How much will Team GB's 'medal moments' in Pyeongchang really matter? | Sean Ingle

With UK Sport’s funding set to fall, we need an honest debate about which sports to fully support – and whether medals benefit the nation

It is a question that could soon sound as familiar as a BBC commentator getting overexcited about a potential curling medal. “Why spend a huge amount of money on winter sports,” asked the interrogator, “when we are not a winter sport nation?” Yet when it was uttered, at a press conference to announce Britain’s medal target of five in Pyeongchang, you could have heard a pin drop.

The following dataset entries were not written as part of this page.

lemma green_series_continuous_on:
  assumes "norm z < 1"
  shows "continuous_on (cball 0 1) (green_series z)"
proof -
  have "uniform_limit (cball 0 1) (\<lambda>n w. \<Sum>m<n. green_term z w m) (green_series z) sequentially"
    unfolding green_series_def[abs_def]
  proof (rule Weierstrass_m_test)
    show "norm (green_term z w m) \<le> Cpsi\<^sup>2 / g_lo * norm z ^ m" if "w \<in> cball 0 1" for m w
      using that assms by (intro norm_green_term_le) auto
    show "summable (\<lambda>m. Cpsi\<^sup>2 / g_lo * norm z ^ m)"
      using assms by (intro summable_mult summable_geometric) auto
  qed
  moreover have "continuous_on (cball 0 1) (\<lambda>w. green_term z w m)" for m
    unfolding green_term_def psi_Suc_eq_Phi using complex_g_nonzero[of m]
    by (intro continuous_intros Phi_continuous_on_cball) auto
  ultimately show ?thesis
    by (intro uniform_limit_theorem[of _ "\<lambda>n w. \<Sum>m<n. green_term z w m"])
       (auto intro!: always_eventually continuous_intros)
qed

lemma psi_cross_LIMSEQ_0:
  assumes z: "norm z < 1" and w: "norm w \<le> 1"
  shows "(\<lambda>N. psi (Suc N) z * psi N w - psi N z * psi (Suc N) w) \<longlonglongrightarrow> 0"
proof (rule LIMSEQ_imp_Suc, rule Lim_null_comparison)
  show "\<forall>\<^sub>F N in sequentially. norm (psi (Suc (Suc N)) z * psi (Suc N) w - psi (Suc N) z * psi (Suc (Suc N)) w)
      \<le> 2 * Cpsi\<^sup>2 * norm z ^ N"
  proof (intro always_eventually allI)
    fix N
    have "norm z ^ Suc N \<le> norm z ^ N" using z by (intro power_decreasing) auto
    then have "norm z ^ Suc N * Cpsi \<le> norm z ^ N * Cpsi" using Cpsi_pos by (intro mult_right_mono) auto
    then have bz: "norm (psi (Suc (Suc N)) z) \<le> norm z ^ N * Cpsi" "norm (psi (Suc N) z) \<le> norm z ^ N * Cpsi"
      using order.trans[OF norm_psi_Suc_le[of z "norm z" "Suc N"]] norm_psi_Suc_le[of z "norm z" N] z
      by auto
    have bw: "norm (psi (Suc m) w) \<le> Cpsi" for m
      using norm_psi_Suc_le[of w 1 m] w by simp
    have "norm (psi (Suc (Suc N)) z * psi (Suc N) w - psi (Suc N) z * psi (Suc (Suc N)) w)
        \<le> norm (psi (Suc (Suc N)) z) * norm (psi (Suc N) w) + norm (psi (Suc N) z) * norm (psi (Suc (Suc N)) w)"
      by (rule order.trans[OF norm_triangle_ineq4]) (simp add: norm_mult)
    also have "\<dots> \<le> (norm z ^ N * Cpsi) * Cpsi + (norm z ^ N * Cpsi) * Cpsi"
      using bz bw Cpsi_pos by (intro add_mono mult_mono) auto
    finally show "norm (psi (Suc (Suc N)) z * psi (Suc N) w - psi (Suc N) z * psi (Suc (Suc N)) w)
        \<le> 2 * Cpsi\<^sup>2 * norm z ^ N"
      by (simp add: power2_eq_square mult_ac)
  qed
  show "(\<lambda>N. 2 * Cpsi\<^sup>2 * norm z ^ N) \<longlonglongrightarrow> 0"
    using z by (intro tendsto_mult_right_zero LIMSEQ_power_zero) auto
qed
(* Let $I_0,I_1$ denote the modified Bessel functions of the first kind of orders $0$ and $1$, and let $\Phi(x)=e^{-x}\left[I_0(x)+I_1(x)\right]$. Then for all real $r\ge 0$, $$\Phi(2r)=e^{-2r}\left[I_0(2r)+I_1(2r)\right]\ge \frac{\Gamma(2r+1)}{\Gamma^2(r+1)}\,2^{-2r}.$$ *)

theory Defs
  imports "HOL-Analysis.Analysis"
begin

definition besselI :: "nat \<Rightarrow> real \<Rightarrow> real" where
  "besselI n x = (\<Sum>k. (x / 2) ^ (2 * k + n) / (fact k * fact (k + n)))"

definition Phi :: "real \<Rightarrow> real" where
  "Phi x = exp (- x) * (besselI 0 x + besselI 1 x)"

end

theory Submission
  imports Defs
begin

text \<open>
  By Legendre's duplication formula, \<pi> times the right-hand side is the Beta integral
  B(1/2, r + 1/2) = \<integral>[0,1] s^(-1/2) (1 - s)^(r - 1/2) ds. The substitution s = sin(\<beta> t)^2,
  where \<beta> t = (t + sin t) / 2 is mean_angle below, turns it into
  \<integral>[0,\<pi>] cos(\<beta> t)^(2r) (1 + cos t) dt, and the elementary inequality
  cos(\<beta> t) \<le> exp(cos t - 1) bounds this by
  \<integral>[0,\<pi>] exp(-2r (1 - cos t)) (1 + cos t) dt. Expanding the exponential and integrating the
  even powers of cos termwise, again as Beta integrals, identifies the last integral with \<pi> \<Phi>(2r).
\<close>

section \<open>Duplication formula and half-integer Beta values\<close>

definition central_binomial_ratio :: "real \<Rightarrow> real" where
  "central_binomial_ratio x = Gamma (2 * x + 1) / (Gamma (x + 1))\<^sup>2 * 2 powr (- 2 * x)"

lemma Gamma_legendre_duplication_real:
  fixes z :: real
  assumes "z > 0"
  shows "Gamma z * Gamma (z + 1/2) = 2 powr (1 - 2 * z) * sqrt pi * Gamma (2 * z)"
proof -
  have not_pole: "complex_of_real y \<notin> \<int>\<^sub>\<le>\<^sub>0" if "y > 0" for y
    using that by (auto simp: of_real_in_nonpos_Ints_iff)
  have "Gamma (of_real z) * Gamma (of_real z + 1/2)
      = exp ((1 - 2 * of_real z) * of_real (ln 2)) * of_real (sqrt pi) * Gamma (2 * complex_of_real z)"
    using assms not_pole[of z] not_pole[of "z + 1/2"] by (intro Gamma_legendre_duplication) auto
  then have "complex_of_real (Gamma z * Gamma (z + 1/2))
      = complex_of_real (exp ((1 - 2 * z) * ln 2) * sqrt pi * Gamma (2 * z))"
    by (simp flip: Gamma_complex_of_real exp_of_real)
  then show ?thesis
    by (simp only: of_real_eq_iff) (simp add: powr_def)
qed

lemma central_binomial_ratio_pos: "x > -1/2 \<Longrightarrow> central_binomial_ratio x > 0"
  unfolding central_binomial_ratio_def by (intro mult_pos_pos divide_pos_pos zero_less_power Gamma_real_pos) auto

lemma central_binomial_ratio_of_nat:
  "central_binomial_ratio (real k) = fact (2 * k) / ((fact k)\<^sup>2 * 4 ^ k)"
proof -
  have "(2::real) powr (- 2 * real k) = inverse (2 ^ (2 * k))"
    by (simp add: powr_minus flip: powr_realpow)
  also have "\<dots> = inverse (4 ^ k)"
    by (simp add: power_mult)
  finally show ?thesis
    using Gamma_fact[of "2 * k", where 'a = real] Gamma_fact[of k, where 'a = real]
    by (simp add: central_binomial_ratio_def add_ac divide_inverse)
qed

lemma Beta_one_half:
  fixes x :: real
  assumes "x > -1/2"
  shows "Beta (1/2) (x + 1/2) = pi * central_binomial_ratio x"
proof -
  have Gamma_pos: "Gamma (x + 1) > 0" using assms by simp
  have "Gamma (x + 1/2) * Gamma (x + 1) = 2 powr (- 2 * x) * sqrt pi * Gamma (2 * x + 1)"
    using Gamma_legendre_duplication_real[of "x + 1/2"] assms by (simp add: algebra_simps)
  then have "Gamma (x + 1/2) = 2 powr (- 2 * x) * sqrt pi * Gamma (2 * x + 1) / Gamma (x + 1)"
    using Gamma_pos by (simp add: field_simps)
  then have "Beta (1/2) (x + 1/2) = sqrt pi * sqrt pi * (Gamma (2 * x + 1) / (Gamma (x + 1))\<^sup>2 * 2 powr (- 2 * x))"
    using Gamma_pos by (simp add: Beta_def Gamma_one_half_real add_ac power2_eq_square)
  then show ?thesis
    by (simp add: central_binomial_ratio_def)
qed

section \<open>Beta integrals over quarter periods\<close>

definition beta_kernel :: "real \<Rightarrow> real \<Rightarrow> real \<Rightarrow> real" where
  "beta_kernel a b s = s powr (a - 1) * (1 - s) powr (b - 1)"

lemma beta_kernel_nonneg: "beta_kernel a b s \<ge> 0"
  by (simp add: beta_kernel_def)

lemma borel_measurable_beta_kernel [measurable]: "beta_kernel a b \<in> borel_measurable borel"
  unfolding beta_kernel_def by measurable

lemma nn_integral_beta_kernel:
  assumes "a > 0" "b > 0"
  shows "(\<integral>\<^sup>+ s. ennreal (beta_kernel a b s) * indicator {0..1} s \<partial>lborel) = ennreal (Beta a b)"
  using has_integral_Beta_real[OF assms]
  by (intro nn_integral_has_integral_lebesgue') (simp_all add: beta_kernel_nonneg beta_kernel_def [abs_def])

lemma beta_kernel_half_sin_sq:
  assumes "0 < u" "u < pi / 2"
  shows "beta_kernel (1/2) b ((sin u)\<^sup>2) * (2 * sin u * cos u) = 2 * cos u powr (2 * b - 1)"
proof -
  have sin_pos: "sin u > 0" and cos_pos: "cos u > 0"
    using assms by (auto intro: sin_gt_zero cos_gt_zero)
  have sq_powr: "(y\<^sup>2) powr c = y powr (2 * c)" if "y > 0" for y c :: real
  proof -
    have "y\<^sup>2 = y powr 2" using that by (simp add: powr_realpow)
    then show ?thesis by (simp only: powr_powr)
  qed
  have "beta_kernel (1/2) b ((sin u)\<^sup>2) = (sin u)\<^sup>2 powr (- 1 / 2) * (cos u)\<^sup>2 powr (b - 1)"
    by (simp add: beta_kernel_def cos_squared_eq)
  also have "\<dots> = sin u powr (- 1) * cos u powr (2 * b - 2)"
    by (simp only: sq_powr sin_pos cos_pos) (simp add: algebra_simps)
  also have "\<dots> * (2 * sin u * cos u) = 2 * (sin u powr (- 1) * sin u powr 1) * (cos u powr (2 * b - 2) * cos u powr 1)"
    using sin_pos cos_pos by simp
  also have "\<dots> = 2 * cos u powr (2 * b - 1)"
    using sin_pos by (simp only: powr_add [symmetric]) simp
  finally show ?thesis .
qed

lemma nn_integral_beta_kernel_sin_sq_subst:
  fixes g g' :: "real \<Rightarrow> real"
  assumes "b > 0" "p < q" "g p = 0" "g q = pi / 2"
    and range: "\<And>t. t \<in> {p..q} \<Longrightarrow> 0 \<le> g t \<and> g t \<le> pi / 2"
    and deriv: "\<And>t. t \<in> {p..q} \<Longrightarrow> (g has_real_derivative g' t) (at t)"
    and cont: "continuous_on {p..q} g'"
    and nonneg: "\<And>t. t \<in> {p..q} \<Longrightarrow> g' t \<ge> 0"
  shows "ennreal (Beta (1/2) b) = (\<integral>\<^sup>+ t. ennreal (beta_kernel (1/2) b ((sin (g t))\<^sup>2)
            * (2 * sin (g t) * cos (g t) * g' t)) * indicator {p..q} t \<partial>lborel)"
proof -
  let ?G = "\<lambda>t. (sin (g t))\<^sup>2" and ?G' = "\<lambda>t. 2 * sin (g t) * cos (g t) * g' t"
  have G'_nonneg: "?G' t \<ge> 0" if "t \<in> {p..q}" for t
    using range[OF that] nonneg[OF that] by (auto intro!: mult_nonneg_nonneg sin_ge_zero cos_ge_zero)
  have "continuous_on {p..q} g"
    using deriv by (rule has_real_derivative_imp_continuous_on)
  then have "continuous_on {p..q} ?G'"
    using cont by (intro continuous_intros) auto
  moreover have "(?G has_real_derivative ?G' t) (at t)" if "t \<in> {p..q}" for t
    using deriv[OF that] by (auto intro!: derivative_eq_intros simp: power2_eq_square)
  ultimately have "(\<integral>\<^sup>+ s. ennreal (beta_kernel (1/2) b s) * indicator {?G p..?G q} s \<partial>lborel)
      = (\<integral>\<^sup>+ t. ennreal (beta_kernel (1/2) b (?G t)) * ennreal (?G' t) * indicator {p..q} t \<partial>lborel)"
    using G'_nonneg \<open>p < q\<close> by (intro nn_integral_substitution_aux) auto
  also have "\<dots> = (\<integral>\<^sup>+ t. ennreal (beta_kernel (1/2) b (?G t) * ?G' t) * indicator {p..q} t \<partial>lborel)"
    using G'_nonneg by (intro nn_integral_cong) (auto simp: indicator_def ennreal_mult'')
  finally show ?thesis
    using \<open>g p = 0\<close> \<open>g q = pi / 2\<close> \<open>b > 0\<close> by (simp add: nn_integral_beta_kernel)
qed

lemma nn_integral_cos_power_even:
  "(\<integral>\<^sup>+ t. ennreal (2 * cos t ^ (2 * k)) * indicator {0..pi / 2} t \<partial>lborel)
     = ennreal (pi * central_binomial_ratio (real k))"
proof -
  have "ennreal (pi * central_binomial_ratio (real k)) = ennreal (Beta (1/2) (real k + 1/2))"
    by (simp add: Beta_one_half)
  also have "\<dots> = (\<integral>\<^sup>+ t. ennreal (beta_kernel (1/2) (real k + 1/2) ((sin t)\<^sup>2)
            * (2 * sin t * cos t * 1)) * indicator {0..pi / 2} t \<partial>lborel)"
    by (rule nn_integral_beta_kernel_sin_sq_subst) (auto intro!: derivative_eq_intros)
  also have "\<dots> = (\<integral>\<^sup>+ t. ennreal (2 * cos t ^ (2 * k)) * indicator {0..pi / 2} t \<partial>lborel)"
  proof (rule nn_integral_cong_AE)
    show "AE t in lborel. ennreal (beta_kernel (1/2) (real k + 1/2) ((sin t)\<^sup>2) * (2 * sin t * cos t * 1))
        * indicator {0..pi / 2} t = ennreal (2 * cos t ^ (2 * k)) * indicator {0..pi / 2} t"
      using AE_lborel_singleton[of 0] AE_lborel_singleton[of "pi / 2"]
    proof eventually_elim
      case (elim t)
      show ?case
      proof (cases "t \<in> {0..pi / 2}")
        case True
        then have "0 < t" "t < pi / 2"
          using elim by auto
        then have "beta_kernel (1/2) (real k + 1/2) ((sin t)\<^sup>2) * (2 * sin t * cos t * 1)
            = 2 * cos t powr real (2 * k)"
          by (simp only: mult_1_right beta_kernel_half_sin_sq) (simp add: algebra_simps)
        also have "\<dots> = 2 * cos t ^ (2 * k)"
          using \<open>0 < t\<close> \<open>t < pi / 2\<close> cos_gt_zero[of t] by (simp only: powr_realpow)
        finally show ?thesis
          by (simp only:)
      qed simp
    qed
  qed
  finally show ?thesis ..
qed

section \<open>The mean angle\<close>

lemma x_cos_le_sin:
  fixes x :: real
  assumes "0 \<le> x" "x \<le> pi"
  shows "x * cos x \<le> sin x"
proof -
  let ?f = "\<lambda>y::real. sin y - y * cos y"
  have "?f 0 \<le> ?f x"
  proof (rule DERIV_nonneg_imp_nondecreasing[OF assms(1)])
    fix y assume y: "0 \<le> y" "y \<le> x"
    have "(?f has_real_derivative y * sin y) (at y)"
      by (auto intro!: derivative_eq_intros simp: algebra_simps)
    moreover have "y * sin y \<ge> 0"
      using y assms by (intro mult_nonneg_nonneg sin_ge_zero) auto
    ultimately show "\<exists>d. (?f has_real_derivative d) (at y) \<and> d \<ge> 0" by blast
  qed
  then show ?thesis by simp
qed

definition mean_angle :: "real \<Rightarrow> real" where
  "mean_angle t = (t + sin t) / 2"

lemma mean_angle_has_real_derivative:
  "(mean_angle has_real_derivative (1 + cos t) / 2) (at t)"
  unfolding mean_angle_def [abs_def] by (auto intro!: derivative_eq_intros)

lemma mean_angle_bounds:
  assumes "0 \<le> t" "t \<le> pi"
  shows "0 \<le> mean_angle t" "mean_angle t \<le> pi / 2"
proof -
  show "0 \<le> mean_angle t"
    using assms sin_ge_zero[of t] by (simp add: mean_angle_def)
  have "sin (pi - t) \<le> pi - t"
    using assms by (intro sin_x_le_x) simp
  then show "mean_angle t \<le> pi / 2"
    by (simp add: mean_angle_def)
qed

That was because the person doing the asking was Katherine Grainger, the new chair of UK Sport, which supplies – and denies – funding to Olympic teams. And the organisation’s chief executive, Liz Nicholl, the driving force behind the organisation’s “no compromise” medal philosophy, was the one getting the grilling.

“I can understand the question,” replied Nicholl. “But it is the medal moment that makes people proud, and creates a healthy, ambitious and active nation.”

It sounded convincing. Until you examined the evidence. According to a YouGov survey last year, only 7% of 2,000 respondents said they had been inspired to take up sport by the Olympics. Instead, in most cases, parents or a teacher are a bigger influence. Meanwhile in 2016 a report found that British children were among the least active in the world. So much for creating a healthy, ambitious and active nation.

Yet I don’t think this debate should be framed as summer sports versus winter sports. The question is more fundamental: should Britain continue to invest millions in some sports for the sake of medals, when they are not part of our sporting DNA?

It is an issue that arguably should have been raised after London 2012. And with lottery sales falling – and government funding for UK Sport likely to drop after the Tokyo 2020 Games – one that will have to be addressed soon.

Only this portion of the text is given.